Should you book the London James Bond Filming Locations Bus Tour?
Yes, if you want a fast, guided way to see classic and modern Bond filming locations in London without building a DIY route. The coach format, the live English guide, and the promise of 12+ location stops make it a practical choice for a 3-hour window.
I’d book it especially if you care about the “how it was filmed” side—traffic scenes, office stand-ins, and that MI6-area spy atmosphere. If you’re a pure architecture lover, you’ll get some payoff in Whitehall and the square setting. If you’re mostly chasing action, the Goldeneye, The World Is Not Enough, and No Time to Die stops give you plenty to point at and rewatch in your head.
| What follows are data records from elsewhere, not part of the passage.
lemma LR_moment_upper_bound:
  assumes ldp: "LDP Q (\<lambda>n x. (M n x, Wn P Q n x)) J" and \<delta>: "\<delta> > 0"
    and T: "eventually (\<lambda>n. LR_powr_moment (2 + \<delta>) n (closure B) < ennreal (exp (real n * C))) sequentially"
    and c: "- (INF z\<in>closure B \<times> UNIV. ereal (2 * snd z) + J z) < ereal c"
  shows "eventually (\<lambda>n. LR_moment 2 n (B \<times> UNIV) < ennreal (exp (real n * c))) sequentially"
proof -
  define S where "S = closure B"
  have S: "closed S" unfolding S_def by simp
  note T = T[folded S_def] and c = c[folded S_def]
  have "ereal (- c) < (INF z\<in>S \<times> UNIV. ereal (2 * snd z) + J z)"
    using c ereal_uminus_less_reorder[of _ "ereal c"] by simp
  then obtain A where A: "- c < A" "ereal A \<le> (INF z\<in>S \<times> UNIV. ereal (2 * snd z) + J z)"
    using ereal_dense2 less_imp_le by force
  \<comment> \<open>The slab width \<open>h\<close> and the cutoff \<open>K\<close> make each of the \<open>N + 2\<close> pieces at most
    \<open>exp (n u)\<close>; the factor \<open>N + 2\<close> is then absorbed by \<open>exp (n \<epsilon>)\<close>.\<close>
  define \<epsilon> where "\<epsilon> = (c + A) / 4"
  define h where "h = \<epsilon> / 2"
  define u where "u = 2 * \<epsilon> - A"
  define K where "K = max 0 (max ((C + A) / \<delta>) (A / 2))"
  define N where "N = nat \<lceil>2 * K / h\<rceil>"
  have \<epsilon>: "\<epsilon> > 0" "h > 0"
    using A(1) unfolding \<epsilon>_def h_def by simp_all
  have u: "u + \<epsilon> < c"
    using A(1) unfolding \<epsilon>_def u_def by (auto simp: field_simps)
  have K: "K \<ge> 0" "- 2 * K \<le> u" "C \<le> \<delta> * K + u"
  proof -
    have "(C + A) / \<delta> \<le> K" unfolding K_def by simp
    then have "C + A \<le> \<delta> * K" using \<delta> by (simp add: divide_le_eq mult.commute)
    then show "C \<le> \<delta> * K + u" using \<epsilon>(1) unfolding u_def by simp
  qed (use \<epsilon>(1) in \<open>auto simp: K_def u_def\<close>)
  have slab: "eventually (\<lambda>n. emeasure (Q n) (joint_event n (S \<times> {-K + real k * h .. -K + real k * h + h}))
      < ennreal (exp (real n * (2 * (-K + real k * h) + u)))) sequentially" for k
    using A(2) \<epsilon>(1) unfolding u_def h_def
    by (intro joint_event_slab_upper_bound[OF ldp S]) (auto intro: order_trans INF_lower)
  have "eventually (\<lambda>n. \<forall>k\<in>{..<N}. emeasure (Q n) (joint_event n (S \<times> {-K + real k * h .. -K + real k * h + h}))
      < ennreal (exp (real n * (2 * (-K + real k * h) + u)))) sequentially"
    by (rule eventually_ball_finite) (use slab in auto)
  then show ?thesis
    using T eventually_less_exp_mult[OF \<epsilon>(1), of "real (N + 2)"] eventually_gt_at_top[of 0]
  proof eventually_elim
    case (elim n)
    have "exp (real n * C) \<le> exp (real n * (\<delta> * K + u))"
      using K(3) by (simp add: mult_left_mono)
    then have "LR_powr_moment (2 + \<delta>) n S \<le> ennreal (exp (real n * (\<delta> * K + u)))"
      using elim(2) by (meson ennreal_leI less_imp_le order_trans)
    moreover have "emeasure (Q n) (joint_event n (S \<times> {-K + real k * h .. -K + real k * h + h}))
        \<le> ennreal (exp (real n * (2 * (-K + real k * h) + u)))" if "k < N" for k
      using elim(1) that by (meson lessThan_iff less_imp_le)
    ultimately have "LR_moment 2 n (S \<times> UNIV) \<le> ennreal (real (N + 2) * exp (real n * u))"
      unfolding N_def by (rule LR_moment_le_by_slabs[OF borel_closed[OF S] elim(4) \<epsilon>(2) K(1,2) \<delta>])
    moreover have "LR_moment 2 n (B \<times> UNIV) \<le> LR_moment 2 n (S \<times> UNIV)"
      unfolding S_def by (rule LR_moment_mono) (use closure_subset in auto)
    ultimately have "LR_moment 2 n (B \<times> UNIV) \<le> ennreal (real (N + 2) * exp (real n * u))"
      by (rule order_trans[rotated])
    also have "\<dots> < ennreal (exp (real n * \<epsilon>) * exp (real n * u))"
      using elim(3) by (intro ennreal_lessI mult_strict_right_mono) auto
    also have "\<dots> \<le> ennreal (exp (real n * c))"
      using u elim(4) by (intro ennreal_leI) (simp add: exp_add[symmetric] flip: distrib_left)
    finally show ?case .
  qed
qed

lemma LR_moment_lower_bound_from_prob:
  assumes B: "B \<in> sets borel"
    and lim: "(\<lambda>n. - nlog n (emeasure (P n) {x \<in> space (P n). M n x \<in> B})) \<longlonglongrightarrow> I"
    and b: "I < ereal b"
  shows "eventually (\<lambda>n. ennreal (exp (real n * (- 2 * b))) < LR_moment 2 n (B \<times> UNIV)) sequentially"
  using order_tendstoD(2)[OF lim[unfolded joint_event_Times_UNIV] b] eventually_gt_at_top[of 0]
proof eventually_elim
  case (elim n)
  interpret P: prob_space "P n" by (rule prob_P)
  let ?E = "joint_event n (B \<times> UNIV)"
  have "ereal (- b) < nlog n (emeasure (P n) ?E)"
    using elim(1) ereal_uminus_less_reorder[of _ "ereal b"] by simp
  then have "exp (real n * (- b)) < measure (P n) ?E"
    using elim(2) by (simp add: less_nlog_iff P.emeasure_eq_measure ennreal_less_iff)
  then have "exp (real n * (- b)) ^ 2 < measure (P n) ?E ^ 2"
    by (rule power_strict_mono) auto
  moreover have "exp (real n * (- 2 * b)) = exp (real 2 * (real n * (- b)))"
    by (simp add: algebra_simps)
  ultimately have "exp (real n * (- 2 * b)) < measure (P n) ?E ^ 2"
    by (simp only: exp_of_nat_mult)
  then have "ennreal (exp (real n * (- 2 * b))) < ennreal (measure (P n) ?E ^ 2)"
    by (simp add: ennreal_less_iff)
  also have "\<dots> = emeasure (P n) ?E ^ 2"
    by (simp add: P.emeasure_eq_measure ennreal_power)
  also have "\<dots> \<le> LR_moment 2 n (B \<times> UNIV)"
    using B by (intro emeasure_P_sq_le_LR_moment borel_Times) auto
  finally show ?case .
qed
If you’re the cautious type, pick a tour time that doesn’t stack too many other timed plans afterward. This is a focused circuit, and the best experience comes when you give it room to land.
FAQ
How much is the London James Bond Filming Locations bus tour?
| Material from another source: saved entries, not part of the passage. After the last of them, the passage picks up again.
(* Let $q$ be odd, $q\ne9$, and $V$ an $n$-dimensional space ($n\ge4$) over $\mathbb{F}_q$ with a non-degenerate alternating form $f$, $G=\mathrm{Sp}(V)$ and $\mathcal T$ the set of transvections of $G$. Let $X\subseteq G$ be a generating set of $G$ consisting of $1$ and transvections, which is $\mathbb{F}_q$-closed, such that ${}_VX$ spans $V$, $X_{V^*}$ spans $V^*$, $\Gamma(X)$ is strongly connected, and the directed diameter of $\Gamma(X'')$ is at most $2$ for every $X\setminus\{1\}\subseteq X''\subseteq\mathcal T$. Let $c\ge1$ be an absolute constant such that for every such $V,X$ and all nonzero $a,b\in V$ with $T_a\cup T_b\subseteq X$ and $a+b\ne0$ one has $\ell_X(T_{a+b})\le c$ (such a constant exists). Then $\ell_X(\mathcal T)\le c\,n^{\log_2 c}$. Moreover, $\ell_X(\mathcal T)\le 21n^{4.4}$.
   Context: Transvections $s=1+u\otimes\phi$ ($x\mapsto x+\phi(x)u$, $\phi(u)=0$); $s^\lambda=1+\lambda u\otimes\phi$; $X$ is $\mathbb{F}_q$-closed if $s^\lambda\in X$ for all $s\in X$, $\lambda\in\mathbb{F}_q^\times$. ${}_VX$, $X_{V^*}$: the sets of $u$, resp. $\phi$, occurring in elements of $X$. $\Gamma(Y)$: directed graph on $Y$ with an edge from $1+u\otimes\phi$ to $1+v\otimes\psi$ iff $\psi(u)\ne0$. For $0\ne v\in V$, $\varphi_v(x)=f(v,x)$ and $T_v=\{1+\lambda v\otimes\varphi_v:\lambda\in\mathbb{F}_q\}$. $\ell_X(Y)=\min\{k:Y\subseteq(X\cup X^{-1}\cup\{1\})^k\}$. *)

theory Defs
  imports "HOL-Analysis.Analysis" "Jordan_Normal_Form.VS_Connect"
begin

text \<open>The space V is F_q^n (column vectors of dimension n), the alternating form is
  f(x,y) = x . (J y) for an n x n matrix J.
  A linear functional phi is represented by a vector phi, acting as x |-> phi . x.\<close>

definition alternating_form :: "nat \<Rightarrow> 'a::field mat \<Rightarrow> bool" where
  "alternating_form n J \<longleftrightarrow> J \<in> carrier_mat n n \<and>
     (\<forall>x \<in> carrier_vec n. x \<bullet> (J *\<^sub>v x) = 0)"

definition nondegenerate_form :: "nat \<Rightarrow> 'a::field mat \<Rightarrow> bool" where
  "nondegenerate_form n J \<longleftrightarrow> J \<in> carrier_mat n n \<and>
     (\<forall>x \<in> carrier_vec n. (\<forall>y \<in> carrier_vec n. x \<bullet> (J *\<^sub>v y) = 0) \<longrightarrow> x = 0\<^sub>v n)"

definition Sp :: "nat \<Rightarrow> 'a::field mat \<Rightarrow> 'a mat set" where
  "Sp n J = {A \<in> carrier_mat n n. invertible_mat A \<and>
     (\<forall>x \<in> carrier_vec n. \<forall>y \<in> carrier_vec n.
        (A *\<^sub>v x) \<bullet> (J *\<^sub>v (A *\<^sub>v y)) = x \<bullet> (J *\<^sub>v y))}"

definition tv :: "nat \<Rightarrow> 'a::field vec \<Rightarrow> 'a vec \<Rightarrow> 'a mat" where
  "tv n u phi = 1\<^sub>m n + mat n n (\<lambda>(i,j). u $ i * phi $ j)"

definition is_tv_rep :: "nat \<Rightarrow> 'a::field mat \<Rightarrow> 'a vec \<Rightarrow> 'a vec \<Rightarrow> bool" where
  "is_tv_rep n s u phi \<longleftrightarrow> u \<in> carrier_vec n \<and> phi \<in> carrier_vec n \<and>
     u \<noteq> 0\<^sub>v n \<and> phi \<noteq> 0\<^sub>v n \<and> phi \<bullet> u = 0 \<and> s = tv n u phi"

definition transvections :: "nat \<Rightarrow> 'a::field mat \<Rightarrow> 'a mat set" where
  "transvections n J = {s \<in> Sp n J. \<exists>u phi. is_tv_rep n s u phi}"

definition V_part :: "nat \<Rightarrow> 'a::field mat set \<Rightarrow> 'a vec set" where
  "V_part n X = {u. \<exists>s\<in>X. \<exists>phi. is_tv_rep n s u phi}"

definition Vdual_part :: "nat \<Rightarrow> 'a::field mat set \<Rightarrow> 'a vec set" where
  "Vdual_part n X = {phi. \<exists>s\<in>X. \<exists>u. is_tv_rep n s u phi}"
It costs $48.49 per person.
How long is the tour?
The tour lasts 3 hours.
Where does the tour start?
The meeting point is Blackfriars Tube station, outside the station exit on Queen Victoria Street.
Where does the tour end?
The tour ends back at the same meeting point.
What’s included in the price?
You get a professional guide and transport by mini coach.
What language is the tour guide?
The live tour guide speaks English.
How many James Bond filming locations do you visit?
The tour visits over 12 James Bond shooting locations.
What are the cancellation and payment options?
You can reserve now and pay later. You also get free cancellation up to 24 hours in advance for a full refund.